Hi,
I am using completion API to make a text summarizer which summarize the text on current web page.
Request:
{“model”:“text-davinci-003”,“prompt”:“Some long paragraph.\n\nTLDR; Bot\n\nMe\n\nsummarize in 20 words\n\n6:35:30 pm\n\nSend\n$Request failed with status code 400 \n\n summarize",“echo”:false,“max_tokens”:1000,“n”:1,“temperature”:1,“user”:"user@gmail.com”}
Error:
{
“error”: {
“message”: “This model’s maximum context length is 4097 tokens, however you requested 4121 tokens (3121 in your prompt; 1000 for the completion). Please reduce your prompt; or completion length.”,
“type”: “invalid_request_error”,
“param”: null,
“code”: null
}
}
Please help me how I can correct this? Also, can I maintain the conversation session for having QnA on this text?

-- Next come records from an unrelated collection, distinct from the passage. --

(* Assume hypotheses (A1)–(A4) below and fix $\sigma\in(0,\infty]$. Then the functionals $\mathcal E_{\sigma,h}$ (restricted to $\mathcal T_\sigma$) $\Gamma$-converge as $h\to0$ in the strong topology of $\mathcal T_\sigma$ to $\overline{\mathcal E}_\sigma$.
   Context: Let $\{\mathcal T_\sigma\}_{\sigma\in\mathbb R\cup\{\pm\infty\}}$ be reflexive Banach spaces with norms $\|\cdot\|_{\mathcal T_\sigma}$, $\mathcal T_{-\sigma}:=\mathcal T_\sigma^*$, and $\mathcal T_\sigma\subset\mathcal T_0$ for $\sigma\in(0,\infty]$. Limits "as $\sigma\to\infty$" refer to arbitrary sequences $\sigma_n\to\infty$. (A1) (i) There is $M_1>0$ independent of $\sigma$ with $M_1\|u\|_{\mathcal T_0}\le\|u\|_{\mathcal T_\sigma}$ for all $\sigma\in(0,\infty]$, $u\in\mathcal T_\sigma$. (ii) If $v_\sigma\in\mathcal T_\sigma$ with $\|v_\sigma\|_{\mathcal T_\sigma}\le C$ ($C$ independent of $\sigma$), then $\{v_\sigma\}$ is relatively compact in $\mathcal T_0$ as $\sigma\to\infty$ and each limit point lies in $\mathcal T_\infty$. (A2) For each $\sigma\in(0,\infty]$, $\mathcal E_\sigma:\mathcal T_\sigma\to[0,\infty)$ is weakly lower semicontinuous on $\mathcal T_\sigma$, and: (i) there is $\varphi\in C^0([0,\infty)^2)$ with $|\mathcal E_\sigma(u)-\mathcal E_\sigma(v)|\le\varphi(\|u\|_{\mathcal T_\sigma},\|v\|_{\mathcal T_\sigma})\|u-v\|_{\mathcal T_\sigma}$ for all $u,v\in\mathcal T_\sigma$; (ii) there exist $p\in(1,\infty)$, $\alpha>0$, $\psi\in C^0([0,\infty))$ with $\psi(t)/t^p\to0$ as $t\to\infty$, independent of $\sigma$, with $\alpha\|u\|^p_{\mathcal T_\sigma}\le\mathcal E_\sigma(u)+\psi(\|u\|_{\mathcal T_\sigma})$. (A3) With $\overline{\mathcal E}_\sigma:\mathcal T_0\to[0,\infty]$ equal to $\mathcal E_\sigma$ on $\mathcal T_\sigma$ and $+\infty$ on $\mathcal T_0\setminus\mathcal T_\sigma$ ($\sigma\in(0,\infty]$), $\overline{\mathcal E}_\sigma$ $\Gamma$-converges to $\overline{\mathcal E}_\infty$ as $\sigma\to\infty$ in the strong topology of $\mathcal T_0$. (A4) For $\sigma\in(0,\infty]$, $h\in(0,h_0]$, $W_{\sigma,h}\subset\mathcal T_\sigma$ are finite-dimensional subspaces such that for each $h$ the span of $\bigcup_{\sigma\in(0,\infty]}W_{\sigma,h}$ is finite-dimensional, and: (i) for every $\sigma\in(0,\infty]$ and $u\in\mathcal T_\sigma$ there exist $h_n\to0$ and $u_n\in W_{\sigma,h_n}$ with $\|u-u_n\|_{\mathcal T_\sigma}\to0$; (ii) for each $h\in(0,h_0]$, $W_{\infty,h}=\mathcal T_\infty\cap\bigcup_{\sigma\in(0,\infty]}W_{\sigma,h}$; (iii) with $W_{\infty,0}:=\mathcal T_\infty$: for every $h\in[0,h_0]$, every $v\in W_{\infty,h}$ and every sequence $(\sigma_n,h_n)$ with $\sigma_n\to\infty$, $h_n\in(0,h_0]$, and $h_n=h$ for all $n$ if $h>0$, $h_n\to0$ if $h=0$, there exist $v_{\sigma_n}\in\mathcal T_{\sigma_n}$ with $\|v_{\sigma_n}-v\|_{\mathcal T_0}\to0$ and $\mathcal E_{\sigma_n}(v_{\sigma_n})\to\mathcal E_\infty(v)$, and $v_n\in W_{\sigma_n,h_n}$ with $\|v_n-v_{\sigma_n}\|_{\mathcal T_{\sigma_n}}\to0$. Define $\mathcal E_{\sigma,h}:\mathcal T_0\to[0,\infty]$ by $\mathcal E_{\sigma,h}=\mathcal E_\sigma$ on $W_{\sigma,h}$ and $+\infty$ on $\mathcal T_0\setminus W_{\sigma,h}$. $\Gamma$-convergence of $I_s:X\to\overline{\mathbb R}$ to $I$ (in a topology on $X$) means: (1) $I(v)\le\liminf I_s(v_s)$ whenever $v_s\to v$; (2) for each $v$ there is $v_s\to v$ with $\limsup I_s(v_s)\le I(v)$. *)

theory Defs
  imports "HOL-Analysis.Analysis"
begin

definition normed_sub :: "'a::real_vector set \<Rightarrow> ('a \<Rightarrow> real) \<Rightarrow> bool" where
  "normed_sub S N \<longleftrightarrow> subspace S \<and>
     (\<forall>x\<in>S. N x \<ge> 0 \<and> (N x = 0 \<longleftrightarrow> x = 0)) \<and>
     (\<forall>c. \<forall>x\<in>S. N (c *\<^sub>R x) = \<bar>c\<bar> * N x) \<and>
     (\<forall>x\<in>S. \<forall>y\<in>S. N (x + y) \<le> N x + N y)"

definition banach_sub :: "'a::real_vector set \<Rightarrow> ('a \<Rightarrow> real) \<Rightarrow> bool" where
  "banach_sub S N \<longleftrightarrow> normed_sub S N \<and>
     (\<forall>u. (\<forall>n. u n \<in> S) \<longrightarrow> (\<forall>e>0. \<exists>M. \<forall>m\<ge>M. \<forall>n\<ge>M. N (u m - u n) < e) \<longrightarrow>
          (\<exists>v\<in>S. (\<lambda>n. N (u n - v)) \<longlonglongrightarrow> 0))"

definition dual_sp :: "'a::real_vector set \<Rightarrow> ('a \<Rightarrow> real) \<Rightarrow> ('a \<Rightarrow> real) set" where
  "dual_sp S N = {f. (\<forall>x\<in>S. \<forall>y\<in>S. f (x + y) = f x + f y) \<and>
                     (\<forall>c. \<forall>x\<in>S. f (c *\<^sub>R x) = c * f x) \<and>
                     (\<exists>C. \<forall>x\<in>S. \<bar>f x\<bar> \<le> C * N x) \<and>
                     (\<forall>x. x \<notin> S \<longrightarrow> f x = 0)}"

definition dual_norm :: "'a::real_vector set \<Rightarrow> ('a \<Rightarrow> real) \<Rightarrow> ('a \<Rightarrow> real) \<Rightarrow> real" where
  "dual_norm S N f = Sup {\<bar>f x\<bar> | x. x \<in> S \<and> N x \<le> 1}"

definition bidual_sp :: "'a::real_vector set \<Rightarrow> ('a \<Rightarrow> real) \<Rightarrow> (('a \<Rightarrow> real) \<Rightarrow> real) set" where
  "bidual_sp S N = {\<Phi>. (\<forall>f\<in>dual_sp S N. \<forall>g\<in>dual_sp S N. \<Phi> (\<lambda>x. f x + g x) = \<Phi> f + \<Phi> g) \<and>
                        (\<forall>c. \<forall>f\<in>dual_sp S N. \<Phi> (\<lambda>x. c * f x) = c * \<Phi> f) \<and>
                        (\<exists>C. \<forall>f\<in>dual_sp S N. \<bar>\<Phi> f\<bar> \<le> C * dual_norm S N f)}"

definition reflexive_banach :: "'a::real_vector set \<Rightarrow> ('a \<Rightarrow> real) \<Rightarrow> bool" where
  "reflexive_banach S N \<longleftrightarrow> banach_sub S N \<and>
     (\<forall>\<Phi>\<in>bidual_sp S N. \<exists>x\<in>S. \<forall>f\<in>dual_sp S N. \<Phi> f = f x)"

text \<open>Lower semicontinuity w.r.t. the weak topology of (S,N): every strict sublevel
  threshold is kept on a basic weak neighbourhood.\<close>
definition weakly_lsc :: "'a::real_vector set \<Rightarrow> ('a \<Rightarrow> real) \<Rightarrow> ('a \<Rightarrow> real) \<Rightarrow> bool" where
  "weakly_lsc S N E \<longleftrightarrow> (\<forall>u\<in>S. \<forall>c. c < E u \<longrightarrow>
     (\<exists>F \<epsilon>. finite F \<and> F \<subseteq> dual_sp S N \<and> \<epsilon> > 0 \<and>
        (\<forall>v\<in>S. (\<forall>f\<in>F. \<bar>f v - f u\<bar> < \<epsilon>) \<longrightarrow> c < E v)))"

text \<open>T :: ereal \<Rightarrow> 'a set gives the spaces \<open>T_\<sigma>\<close> for \<sigma> in [0,\<infinity>] (all inside the
  ambient space), N \<sigma> their norms, E \<sigma> the energies, W \<sigma> h the discrete spaces.\<close>

definition Ebar :: "(ereal \<Rightarrow> 'a set) \<Rightarrow> (ereal \<Rightarrow> 'a \<Rightarrow> real) \<Rightarrow> ereal \<Rightarrow> 'a \<Rightarrow> ereal" where
  "Ebar T E \<sigma> u = (if u \<in> T \<sigma> then ereal (E \<sigma> u) else \<infinity>)"

definition Esh :: "(ereal \<Rightarrow> real \<Rightarrow> 'a set) \<Rightarrow> (ereal \<Rightarrow> 'a \<Rightarrow> real) \<Rightarrow> ereal \<Rightarrow> real \<Rightarrow> 'a \<Rightarrow> ereal" where
  "Esh W E \<sigma> h u = (if u \<in> W \<sigma> h then ereal (E \<sigma> u) else \<infinity>)"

The error explained enough. You are using davinci-003 model with a 4097 token limitation (still more than the others). There are 3121 tokens in your text and prompt combined, and you set the max token (which is the maximum number of tokens in the response) to 1000. this exceeds the 4097 tokens which in the combination of both input and output while calling this endpoint.
simply reduce the max_tokens from 1000 to less (let’s say 500) (especially if as stated in your prompt you want a 20 words summary) since you don’t need it anyways and then send your request.
1 Like
Thanks @kian.aghaei
Also, can I maintain the conversation session for having QnA on this text?
I am not sure what you mean by maintaining the conversation; regarding the above example, however, you can always give back the result of the previous call to the generation API and make another call, but the 4097 limit remains. So if you want to have a conversation and if that conversation exceeds the limited number of tokens, then you have to drop from the top of the queue.
@kian.aghaei Is there any way for it to summarize text longer than the maximum 4097 tokens?